Don’t Let ‘Job Maker’ Be State’s Destiny


    If there is one thing that can be said of this past electoral season, it is that being a “job maker” is suddenly very important.

    Oddly, the electorate, politicians and media all accepted the job maker as a concept of dire importance. Yet the moniker is so foreign that media outlets have been unable to consistently punctuate it. Should it have a hyphen? Is it “job” singular, or “jobs” plural?

    In fact, the state’s first public use of the term in reference to a specific individual or entity was in the first Dick DeVos for Governor ad in February. According to the Proquest database, no Michigan media outlet has ever used the term to refer to any individual other than Gov. Jennifer Granholm or DeVos. Nationally, there are scant few times the term has been applied.

    It’s worth noting that Merriam Webster does not believe the noun “job” is a synonym for employment. Instead, it defines “job” as a finite task or piece of work. In the context of “job maker,” its use, then, seems almost counterintuitive. Why create more work? This sounds a bit like socialism — putting people to work for the sake of contribution, a reason to be fed.

    Semantics aside, the job maker — or job creator, as economists prefer — has been perverted into yet another political slogan for maintaining the status quo.

    By contrast, the Melbourne University-published “Ideas for the New Millennium” identifies the difference between job makers and job takers. The former is a leader, interchangeable with “future maker” or “path maker.” It is not someone who makes work for the job takers, but someone adaptable enough to always be employable.

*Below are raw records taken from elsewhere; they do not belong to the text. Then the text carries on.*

(* With the relaxed barrier functions $\hat B_x$, $\hat B_u$, $\hat B_f$ and the numbers $\bar\beta_x(\delta)$, $\bar\beta_u(\delta)$, $\bar\beta_f(\delta)$ defined in the context, it holds that $\{x\in\mathbb{R}^n:\hat B_x(x)\le\bar\beta_x(\delta)\}\subseteq\mathcal{X}$, $\{u\in\mathbb{R}^m:\hat B_u(u)\le\bar\beta_u(\delta)\}\subseteq\mathcal{U}$, and $\{x\in\mathbb{R}^n:\hat B_f(x)\le\bar\beta_f(\delta)\}\subseteq\mathcal{X}_f$.
   Context: Constraint sets are (compact) polytopes $\mathcal{X}=\{x\in\mathbb{R}^n: C_xx\le d_x\}$, $\mathcal{U}=\{u\in\mathbb{R}^m: C_uu\le d_u\}$ with $C_x\in\mathbb{R}^{q_x\times n}$, $C_u\in\mathbb{R}^{q_u\times m}$, and $d_x,d_u$ with strictly positive entries; $C^i$ is the $i$-th row, $d^i$ the $i$-th entry. Relaxed logarithmic barrier: fix $\delta\in(0,1]$. The relaxing function $\beta(\cdot;\delta):(-\infty,\delta]\to\mathbb{R}$ is either $\beta_k(z;\delta)=\frac{k-1}{k}\big[\big(\frac{z-k\delta}{(k-1)\delta}\big)^k-1\big]-\ln\delta$ for some even integer $k\ge2$, or $\beta_e(z;\delta)=\exp(1-z/\delta)-1-\ln\delta$. Define $\hat B(z)=-\ln z$ for $z>\delta$ and $\hat B(z)=\beta(z;\delta)$ for $z\le\delta$. Relaxed recentered barriers: with $z_x^i(x)=-C_x^ix+d_x^i$, $\hat B_x(x)=\sum_{i=1}^{q_x}\hat B_{x,i}(x)$ where either (gradient recentering) $\hat B_{x,i}(x)=\hat B(z_x^i(x))+\ln d_x^i-C_x^ix/d_x^i$ for all $i$, or (weight recentering) $\hat B_{x,i}(x)=(1+w_x^i)(\hat B(z_x^i(x))+\ln d_x^i)$ with a vector $w_x\ge0$ satisfying $\sum_i(1+w_x^i)(C_x^i)^\top/d_x^i=0$; $\hat B_u$ is defined analogously from $C_u,d_u$ (and a weight vector $w_u$). $\delta$ is such that $\hat B_x(0)=\hat B_u(0)=0$ and $\nabla\hat B_x(0)=0$, $\nabla\hat B_u(0)=0$. Terminal set: $\mathcal{X}_f=\{x\in\mathbb{R}^n:\varphi(x)\le1\}$ where $\varphi:\mathbb{R}^n\to\mathbb{R}_{\ge0}$ is continuously differentiable, convex and positive definite, and $\varphi(A_Kx)\le\varphi(x)$ for all $x\in\mathcal{X}_f$, with $A_K=A+BK$ for a given gain $K$. The relaxed terminal barrier is $\hat B_f(x)=\hat B(1-\varphi(x))$, i.e. $-\ln(1-\varphi(x))$ if $1-\varphi(x)>\delta$ and $\beta(1-\varphi(x);\delta)$ otherwise. Define $\bar\beta_f(\delta)=\beta(0;\delta)$, $\bar\beta_x(\delta)=\min\{\hat B_x(x): x\in\mathbb{R}^n,\ C_x^ix=d_x^i$ for some $i\in\{1,\dots,q_x\}\}$ and $\bar\beta_u(\delta)=\min\{\hat B_u(u): C_u^ju=d_u^j$ for some $j\in\{1,\dots,q_u\}\}$. *)

theory Defs
  imports "HOL-Analysis.Analysis"
begin

definition beta_k :: "nat \<Rightarrow> real \<Rightarrow> real \<Rightarrow> real" where
  "beta_k k \<delta> z = (real k - 1) / real k * (((z - real k * \<delta>) / ((real k - 1) * \<delta>)) ^ k - 1) - ln \<delta>"

definition beta_e :: "real \<Rightarrow> real \<Rightarrow> real" where
  "beta_e \<delta> z = exp (1 - z / \<delta>) - 1 - ln \<delta>"

definition relaxing_fn :: "(real \<Rightarrow> real) \<Rightarrow> real \<Rightarrow> bool" where
  "relaxing_fn \<beta> \<delta> \<longleftrightarrow> (\<exists>k. even k \<and> k \<ge> 2 \<and> \<beta> = beta_k k \<delta>) \<or> \<beta> = beta_e \<delta>"

definition hatB :: "(real \<Rightarrow> real) \<Rightarrow> real \<Rightarrow> real \<Rightarrow> real" where
  "hatB \<beta> \<delta> z = (if z > \<delta> then - ln z else \<beta> z)"

definition polytope :: "real^'n^'q \<Rightarrow> real^'q \<Rightarrow> (real^'n) set" where
  "polytope C d = {x. \<forall>i. C $ i \<bullet> x \<le> d $ i}"

definition grad_recentered ::
  "(real \<Rightarrow> real) \<Rightarrow> real \<Rightarrow> real^'n^'q::finite \<Rightarrow> real^'q \<Rightarrow> real^'n \<Rightarrow> real" where
  "grad_recentered \<beta> \<delta> C d x =
     (\<Sum>i\<in>UNIV. hatB \<beta> \<delta> (d $ i - C $ i \<bullet> x) + ln (d $ i) - (C $ i \<bullet> x) / d $ i)"

definition weight_recentered ::
  "(real \<Rightarrow> real) \<Rightarrow> real \<Rightarrow> real^'n^'q::finite \<Rightarrow> real^'q \<Rightarrow> real^'q \<Rightarrow> real^'n \<Rightarrow> real" where
  "weight_recentered \<beta> \<delta> C d w x =
     (\<Sum>i\<in>UNIV. (1 + w $ i) * (hatB \<beta> \<delta> (d $ i - C $ i \<bullet> x) + ln (d $ i)))"

definition admissible_weight :: "real^'n^'q::finite \<Rightarrow> real^'q \<Rightarrow> real^'q \<Rightarrow> bool" where
  "admissible_weight C d w \<longleftrightarrow>
     (\<forall>i. w $ i \<ge> 0) \<and> (\<Sum>i\<in>UNIV. ((1 + w $ i) / d $ i) *\<^sub>R (C $ i)) = 0"

definition relaxed_recentered_barrier ::
  "(real \<Rightarrow> real) \<Rightarrow> real \<Rightarrow> real^'n^'q::finite \<Rightarrow> real^'q \<Rightarrow> (real^'n \<Rightarrow> real) \<Rightarrow> bool" where
  "relaxed_recentered_barrier \<beta> \<delta> C d Bf \<longleftrightarrow>
     Bf = grad_recentered \<beta> \<delta> C d \<or>
     (\<exists>w. admissible_weight C d w \<and> Bf = weight_recentered \<beta> \<delta> C d w)"

definition bar_beta :: "real^'n^'q \<Rightarrow> real^'q \<Rightarrow> (real^'n \<Rightarrow> real) \<Rightarrow> real" where
  "bar_beta C d Bf = (INF x\<in>{x. \<exists>i. C $ i \<bullet> x = d $ i}. Bf x)"

end

theory Submission
  imports Defs
begin

text \<open>
  Both branches of the relaxed barrier are smooth and glue at \<open>\<delta>\<close> to a differentiable
  function whose derivative is strictly increasing, so \<open>hatB\<close> is strictly convex and strictly decreasing on \<open>(-\<infinity>, \<delta>]\<close>.
  The last property gives the terminal-set claim, since \<open>hatB z > hatB 0 = \<beta> 0\<close> for \<open>z < 0\<close>.
  A recentered barrier is a positive combination of \<open>hatB\<close> composed with the affine maps
  \<open>x \<mapsto> d\<^sub>i - C\<^sub>i x\<close> plus a linear function, so along every ray \<open>t \<mapsto> B (t x)\<close> it has
  nondecreasing slope, which vanishes at \<open>t = 0\<close> because \<open>0\<close> is a critical point of \<open>B\<close>.
  Hence \<open>B\<close> increases along rays, strictly unless \<open>C x = 0\<close>. If \<open>x\<close> violates a constraint
  \<open>C\<^sub>j x \<le> d\<^sub>j\<close>, the ray through \<open>x\<close> meets the hyperplane \<open>C\<^sub>j y = d\<^sub>j\<close> at some \<open>t x\<close>
  with \<open>0 < t < 1\<close>, whence \<open>bar_beta \<le> B (t x) < B x\<close>.
\<close>

lemma has_real_derivative_beta_k:
  fixes \<delta> :: real and k :: nat
  assumes "0 < \<delta>" and "k \<ge> 2"
  shows "(beta_k k \<delta> has_real_derivative ((z - real k * \<delta>) / ((real k - 1) * \<delta>)) ^ (k - 1) / \<delta>) (at z)"
proof -
  have scale: "(real k - 1) / real k * (real k * (w / ((real k - 1) * \<delta>))) = w / \<delta>" for w
    using assms by (simp add: field_simps)
  show ?thesis
    unfolding beta_k_def[abs_def]
    by (rule DERIV_cong) (use assms scale in \<open>auto intro!: derivative_eq_intros\<close>)
qed

lemma beta_k_at_delta:
  fixes \<delta> :: real and k :: nat
  assumes "0 < \<delta>" and "even k" and "k \<ge> 2"
  shows "beta_k k \<delta> \<delta> = - ln \<delta>"
    and "((\<delta> - real k * \<delta>) / ((real k - 1) * \<delta>)) ^ (k - 1) / \<delta> = - 1 / \<delta>"
proof -
  have minus_one: "(\<delta> - real k * \<delta>) / ((real k - 1) * \<delta>) = - 1"
    using assms by (simp add: field_simps)
  show "beta_k k \<delta> \<delta> = - ln \<delta>"
    unfolding beta_k_def minus_one using assms by simp
  show "((\<delta> - real k * \<delta>) / ((real k - 1) * \<delta>)) ^ (k - 1) / \<delta> = - 1 / \<delta>"
    unfolding minus_one using assms by simp
qed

    According to the book’s author, Peter Ellyard: “The more auspicious and effective way to develop your career path is to first look inside yourself and discover your destiny. Fulfilling your destiny defines your work, that which you do to give meaning to your life. The next step is to turn your work into your employment, thereby generating financial security. This you do by matching your work to emerging industries, job markets and job categories; thereby developing a fulfilling career path from realizing your destiny.”

    In simpler terms, Michigan does not need jobs, especially at the cost of productivity or profitability. Retaining job banks or repaving highways for no good reason is the stuff of charity. John Widdicomb did not make jobs; he made furniture. Henry Ford did not make work; he made cars. Likewise, no firm would list “jobs” as its primary offering.

    The problem facing this state is not a lack of work to do, but a lack of workers to do what needs to be done. Health care, high technology, advanced manufacturing, good old-fashioned salesmanship — in these areas, the state has more jobs than it can fill. With the election passed, economic developers, public and private, should be reminded of this.

    The old adage about giving a person a fish for dinner or teaching him how to fish so he can eat forever rings true. For the sake of the state, it is not a matter of how many “fish” can be meted out during a tax abatement hearing or how many “fish” can be hired at Taco Boy, but how many fishermen Michigan can make.